Up to and including the line with "(\<forall>ds. set ds", output the records exactly as they appear.

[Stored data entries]
┄┄┄┄┄┄┄┄┄┄

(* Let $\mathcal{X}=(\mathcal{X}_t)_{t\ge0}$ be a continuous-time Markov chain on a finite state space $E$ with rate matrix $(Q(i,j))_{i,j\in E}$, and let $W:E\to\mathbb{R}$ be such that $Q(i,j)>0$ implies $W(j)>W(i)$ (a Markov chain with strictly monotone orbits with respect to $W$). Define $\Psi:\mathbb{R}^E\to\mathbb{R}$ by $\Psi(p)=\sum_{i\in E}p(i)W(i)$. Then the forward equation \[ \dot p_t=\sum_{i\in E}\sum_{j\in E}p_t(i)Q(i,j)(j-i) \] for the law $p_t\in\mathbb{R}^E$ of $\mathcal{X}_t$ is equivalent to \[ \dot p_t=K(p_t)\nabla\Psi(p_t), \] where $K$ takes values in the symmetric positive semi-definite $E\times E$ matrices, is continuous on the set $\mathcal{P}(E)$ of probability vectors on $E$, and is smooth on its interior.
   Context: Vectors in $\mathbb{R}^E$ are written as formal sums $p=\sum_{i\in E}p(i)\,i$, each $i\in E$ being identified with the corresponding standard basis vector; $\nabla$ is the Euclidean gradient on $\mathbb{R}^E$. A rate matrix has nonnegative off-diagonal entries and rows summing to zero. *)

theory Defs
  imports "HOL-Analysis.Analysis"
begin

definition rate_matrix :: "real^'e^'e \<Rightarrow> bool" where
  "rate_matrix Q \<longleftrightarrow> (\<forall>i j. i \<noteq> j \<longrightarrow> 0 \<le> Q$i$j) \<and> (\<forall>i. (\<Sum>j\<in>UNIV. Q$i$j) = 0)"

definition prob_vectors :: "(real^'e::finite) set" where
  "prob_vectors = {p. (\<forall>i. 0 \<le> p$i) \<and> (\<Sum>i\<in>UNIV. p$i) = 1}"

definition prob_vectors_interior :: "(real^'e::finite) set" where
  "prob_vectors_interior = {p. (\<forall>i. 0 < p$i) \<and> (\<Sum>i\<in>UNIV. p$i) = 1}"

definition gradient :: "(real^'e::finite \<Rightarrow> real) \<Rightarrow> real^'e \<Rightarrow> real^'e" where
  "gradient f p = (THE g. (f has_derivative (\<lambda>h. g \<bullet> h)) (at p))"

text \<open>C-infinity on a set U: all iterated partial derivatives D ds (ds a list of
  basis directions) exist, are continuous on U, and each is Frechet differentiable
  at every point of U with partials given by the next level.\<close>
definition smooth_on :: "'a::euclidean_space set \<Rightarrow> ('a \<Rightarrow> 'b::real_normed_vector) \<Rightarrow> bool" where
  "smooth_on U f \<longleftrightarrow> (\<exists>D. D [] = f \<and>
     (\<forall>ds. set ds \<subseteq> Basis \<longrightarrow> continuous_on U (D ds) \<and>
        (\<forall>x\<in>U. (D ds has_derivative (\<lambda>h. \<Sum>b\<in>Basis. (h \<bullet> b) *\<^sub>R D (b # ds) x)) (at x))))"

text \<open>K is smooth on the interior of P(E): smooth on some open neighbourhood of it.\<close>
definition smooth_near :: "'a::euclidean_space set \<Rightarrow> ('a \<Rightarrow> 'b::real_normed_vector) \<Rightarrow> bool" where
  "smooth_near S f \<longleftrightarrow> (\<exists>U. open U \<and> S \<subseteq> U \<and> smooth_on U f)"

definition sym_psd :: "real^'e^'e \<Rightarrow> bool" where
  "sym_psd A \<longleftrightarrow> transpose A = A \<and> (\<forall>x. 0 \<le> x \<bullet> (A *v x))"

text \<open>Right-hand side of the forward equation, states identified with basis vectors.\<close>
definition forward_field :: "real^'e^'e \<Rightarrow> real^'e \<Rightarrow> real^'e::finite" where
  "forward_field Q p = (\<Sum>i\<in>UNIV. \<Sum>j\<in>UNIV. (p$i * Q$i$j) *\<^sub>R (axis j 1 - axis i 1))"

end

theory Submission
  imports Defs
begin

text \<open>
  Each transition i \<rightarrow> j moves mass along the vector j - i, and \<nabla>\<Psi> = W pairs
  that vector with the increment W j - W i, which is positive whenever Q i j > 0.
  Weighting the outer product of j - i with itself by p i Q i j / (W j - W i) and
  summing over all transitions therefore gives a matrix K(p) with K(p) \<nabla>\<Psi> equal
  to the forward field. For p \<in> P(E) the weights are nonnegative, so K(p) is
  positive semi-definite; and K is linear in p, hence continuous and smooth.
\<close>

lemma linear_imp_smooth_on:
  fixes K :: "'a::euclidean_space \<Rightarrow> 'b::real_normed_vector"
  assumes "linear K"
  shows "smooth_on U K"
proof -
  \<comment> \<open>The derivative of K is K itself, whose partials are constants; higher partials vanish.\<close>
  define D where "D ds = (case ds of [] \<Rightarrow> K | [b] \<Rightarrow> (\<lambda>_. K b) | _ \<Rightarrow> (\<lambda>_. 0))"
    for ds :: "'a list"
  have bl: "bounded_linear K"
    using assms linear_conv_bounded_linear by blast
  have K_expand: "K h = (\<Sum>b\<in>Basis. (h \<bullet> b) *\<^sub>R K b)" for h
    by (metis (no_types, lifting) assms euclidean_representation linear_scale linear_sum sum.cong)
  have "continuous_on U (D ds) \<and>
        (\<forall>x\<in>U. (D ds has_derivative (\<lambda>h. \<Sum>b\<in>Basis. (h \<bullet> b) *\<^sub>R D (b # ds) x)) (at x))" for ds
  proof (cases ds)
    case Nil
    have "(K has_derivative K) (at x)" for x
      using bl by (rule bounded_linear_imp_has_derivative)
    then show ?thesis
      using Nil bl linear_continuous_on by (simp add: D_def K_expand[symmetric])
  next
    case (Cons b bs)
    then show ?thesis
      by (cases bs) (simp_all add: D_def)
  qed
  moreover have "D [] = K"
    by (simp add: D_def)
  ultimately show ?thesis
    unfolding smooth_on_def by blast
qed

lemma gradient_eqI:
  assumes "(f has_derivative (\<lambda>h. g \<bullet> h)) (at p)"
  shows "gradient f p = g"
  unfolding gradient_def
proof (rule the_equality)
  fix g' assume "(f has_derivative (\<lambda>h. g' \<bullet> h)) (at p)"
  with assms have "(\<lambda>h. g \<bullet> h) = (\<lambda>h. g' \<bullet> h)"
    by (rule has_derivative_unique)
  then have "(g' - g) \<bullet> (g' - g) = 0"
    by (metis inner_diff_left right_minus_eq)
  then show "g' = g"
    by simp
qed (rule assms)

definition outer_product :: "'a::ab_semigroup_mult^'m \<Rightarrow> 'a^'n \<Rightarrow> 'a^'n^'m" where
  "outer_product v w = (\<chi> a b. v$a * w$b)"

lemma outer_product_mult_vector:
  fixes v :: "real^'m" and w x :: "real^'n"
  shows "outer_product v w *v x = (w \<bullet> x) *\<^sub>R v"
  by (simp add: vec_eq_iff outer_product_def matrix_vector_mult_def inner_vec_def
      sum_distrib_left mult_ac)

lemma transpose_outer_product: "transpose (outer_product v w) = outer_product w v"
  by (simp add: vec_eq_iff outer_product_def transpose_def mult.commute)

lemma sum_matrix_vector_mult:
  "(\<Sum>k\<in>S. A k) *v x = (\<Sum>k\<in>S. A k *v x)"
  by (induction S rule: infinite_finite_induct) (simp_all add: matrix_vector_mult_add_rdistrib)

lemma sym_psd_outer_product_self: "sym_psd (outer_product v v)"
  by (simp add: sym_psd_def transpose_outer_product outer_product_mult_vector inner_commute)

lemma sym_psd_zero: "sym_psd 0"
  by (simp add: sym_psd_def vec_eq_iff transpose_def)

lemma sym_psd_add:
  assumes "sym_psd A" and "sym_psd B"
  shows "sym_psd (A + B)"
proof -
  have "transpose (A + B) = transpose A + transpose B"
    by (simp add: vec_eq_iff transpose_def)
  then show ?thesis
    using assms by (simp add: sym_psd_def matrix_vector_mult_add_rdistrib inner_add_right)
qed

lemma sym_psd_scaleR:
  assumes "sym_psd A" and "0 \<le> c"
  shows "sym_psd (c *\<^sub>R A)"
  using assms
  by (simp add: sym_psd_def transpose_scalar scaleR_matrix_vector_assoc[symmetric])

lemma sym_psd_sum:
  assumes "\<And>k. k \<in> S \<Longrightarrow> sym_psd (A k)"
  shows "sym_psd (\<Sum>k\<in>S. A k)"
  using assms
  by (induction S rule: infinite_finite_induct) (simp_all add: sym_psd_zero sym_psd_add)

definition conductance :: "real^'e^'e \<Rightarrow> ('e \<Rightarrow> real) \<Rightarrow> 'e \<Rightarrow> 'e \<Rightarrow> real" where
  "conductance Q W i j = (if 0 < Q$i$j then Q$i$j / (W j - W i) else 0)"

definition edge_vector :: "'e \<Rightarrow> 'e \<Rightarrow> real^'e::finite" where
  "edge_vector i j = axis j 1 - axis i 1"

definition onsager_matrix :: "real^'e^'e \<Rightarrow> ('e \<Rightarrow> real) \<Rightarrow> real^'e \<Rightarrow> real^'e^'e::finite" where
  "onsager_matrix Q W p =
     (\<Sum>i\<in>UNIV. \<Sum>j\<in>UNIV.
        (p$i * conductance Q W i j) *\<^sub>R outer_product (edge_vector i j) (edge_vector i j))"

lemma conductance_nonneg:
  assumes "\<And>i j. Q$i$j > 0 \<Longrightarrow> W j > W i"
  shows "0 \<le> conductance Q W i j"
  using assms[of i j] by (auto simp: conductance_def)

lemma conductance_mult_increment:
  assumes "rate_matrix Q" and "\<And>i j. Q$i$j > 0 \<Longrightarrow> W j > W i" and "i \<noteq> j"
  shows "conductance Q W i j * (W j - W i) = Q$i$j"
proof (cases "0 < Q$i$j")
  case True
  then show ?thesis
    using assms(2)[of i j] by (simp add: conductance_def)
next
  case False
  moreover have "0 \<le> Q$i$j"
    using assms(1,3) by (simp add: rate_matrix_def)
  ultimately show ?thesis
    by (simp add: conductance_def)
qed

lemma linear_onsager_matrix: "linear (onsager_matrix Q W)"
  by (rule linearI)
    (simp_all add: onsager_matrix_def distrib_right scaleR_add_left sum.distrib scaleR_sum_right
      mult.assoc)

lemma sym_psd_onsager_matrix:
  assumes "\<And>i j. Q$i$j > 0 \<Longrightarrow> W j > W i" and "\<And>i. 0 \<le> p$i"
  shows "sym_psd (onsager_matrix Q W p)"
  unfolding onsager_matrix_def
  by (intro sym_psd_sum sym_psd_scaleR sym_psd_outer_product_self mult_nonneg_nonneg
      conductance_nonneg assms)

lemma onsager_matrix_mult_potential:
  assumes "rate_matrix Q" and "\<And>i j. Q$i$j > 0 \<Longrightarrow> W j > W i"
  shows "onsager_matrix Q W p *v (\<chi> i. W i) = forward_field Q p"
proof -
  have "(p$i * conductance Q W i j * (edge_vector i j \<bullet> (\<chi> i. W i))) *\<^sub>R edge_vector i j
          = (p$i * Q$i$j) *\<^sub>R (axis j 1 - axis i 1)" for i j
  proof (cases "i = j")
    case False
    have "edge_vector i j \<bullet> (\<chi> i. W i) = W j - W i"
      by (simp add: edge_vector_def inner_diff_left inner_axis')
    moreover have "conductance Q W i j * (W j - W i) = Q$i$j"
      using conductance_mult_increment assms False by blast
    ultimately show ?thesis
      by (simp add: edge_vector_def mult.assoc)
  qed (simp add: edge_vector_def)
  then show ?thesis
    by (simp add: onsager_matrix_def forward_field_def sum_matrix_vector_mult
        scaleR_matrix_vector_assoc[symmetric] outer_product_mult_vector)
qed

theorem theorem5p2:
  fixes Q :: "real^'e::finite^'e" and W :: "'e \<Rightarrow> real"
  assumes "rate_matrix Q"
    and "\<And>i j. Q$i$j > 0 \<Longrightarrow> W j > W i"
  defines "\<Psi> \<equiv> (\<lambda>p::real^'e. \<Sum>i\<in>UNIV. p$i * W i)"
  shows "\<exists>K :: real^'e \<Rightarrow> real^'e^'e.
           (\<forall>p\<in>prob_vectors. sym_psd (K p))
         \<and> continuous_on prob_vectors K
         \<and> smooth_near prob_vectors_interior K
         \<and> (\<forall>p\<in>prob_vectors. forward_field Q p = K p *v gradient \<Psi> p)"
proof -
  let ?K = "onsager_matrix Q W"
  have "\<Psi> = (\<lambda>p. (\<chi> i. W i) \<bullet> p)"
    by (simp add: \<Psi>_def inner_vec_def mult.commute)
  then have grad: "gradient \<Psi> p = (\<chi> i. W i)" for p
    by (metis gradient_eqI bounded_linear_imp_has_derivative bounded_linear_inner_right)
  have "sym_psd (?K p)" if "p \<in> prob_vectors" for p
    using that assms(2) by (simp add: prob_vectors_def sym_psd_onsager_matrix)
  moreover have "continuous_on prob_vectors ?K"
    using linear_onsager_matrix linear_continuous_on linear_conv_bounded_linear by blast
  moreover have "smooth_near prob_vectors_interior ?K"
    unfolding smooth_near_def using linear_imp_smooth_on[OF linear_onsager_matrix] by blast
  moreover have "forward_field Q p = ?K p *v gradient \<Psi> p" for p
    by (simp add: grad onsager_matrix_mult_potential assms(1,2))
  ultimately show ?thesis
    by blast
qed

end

┄┄┄┄┄┄┄┄┄┄

:: Answer for this exercise ::
(* Let $\mathcal{X}=(\mathcal{X}_t)_{t\ge0}$ be a continuous-time Markov chain on a finite state space $E$ with rate matrix $(Q(i,j))_{i,j\in E}$, and let $W:E\to\mathbb{R}$ be such that $Q(i,j)>0$ implies $W(j)>W(i)$ (a Markov chain with strictly monotone orbits with respect to $W$). Define $\Psi:\mathbb{R}^E\to\mathbb{R}$ by $\Psi(p)=\sum_{i\in E}p(i)W(i)$. Then the forward equation \[ \dot p_t=\sum_{i\in E}\sum_{j\in E}p_t(i)Q(i,j)(j-i) \] for the law $p_t\in\mathbb{R}^E$ of $\mathcal{X}_t$ is equivalent to \[ \dot p_t=K(p_t)\nabla\Psi(p_t), \] where $K$ takes values in the symmetric positive semi-definite $E\times E$ matrices, is continuous on the set $\mathcal{P}(E)$ of probability vectors on $E$, and is smooth on its interior.
   Context: Vectors in $\mathbb{R}^E$ are written as formal sums $p=\sum_{i\in E}p(i)\,i$, each $i\in E$ being identified with the corresponding standard basis vector; $\nabla$ is the Euclidean gradient on $\mathbb{R}^E$. A rate matrix has nonnegative off-diagonal entries and rows summing to zero. *)

theory Defs
  imports "HOL-Analysis.Analysis"
begin

definition rate_matrix :: "real^'e^'e \<Rightarrow> bool" where
  "rate_matrix Q \<longleftrightarrow> (\<forall>i j. i \<noteq> j \<longrightarrow> 0 \<le> Q$i$j) \<and> (\<forall>i. (\<Sum>j\<in>UNIV. Q$i$j) = 0)"

definition prob_vectors :: "(real^'e::finite) set" where
  "prob_vectors = {p. (\<forall>i. 0 \<le> p$i) \<and> (\<Sum>i\<in>UNIV. p$i) = 1}"

definition prob_vectors_interior :: "(real^'e::finite) set" where
  "prob_vectors_interior = {p. (\<forall>i. 0 < p$i) \<and> (\<Sum>i\<in>UNIV. p$i) = 1}"

definition gradient :: "(real^'e::finite \<Rightarrow> real) \<Rightarrow> real^'e \<Rightarrow> real^'e" where
  "gradient f p = (THE g. (f has_derivative (\<lambda>h. g \<bullet> h)) (at p))"

text \<open>C-infinity on a set U: all iterated partial derivatives D ds (ds a list of
  basis directions) exist, are continuous on U, and each is Frechet differentiable
  at every point of U with partials given by the next level.\<close>
definition smooth_on :: "'a::euclidean_space set \<Rightarrow> ('a \<Rightarrow> 'b::real_normed_vector) \<Rightarrow> bool" where
  "smooth_on U f \<longleftrightarrow> (\<exists>D. D [] = f \<and>
     (\<forall>ds. set ds \<subseteq> Basis \<longrightarrow> continuous_on U (D ds) \<and>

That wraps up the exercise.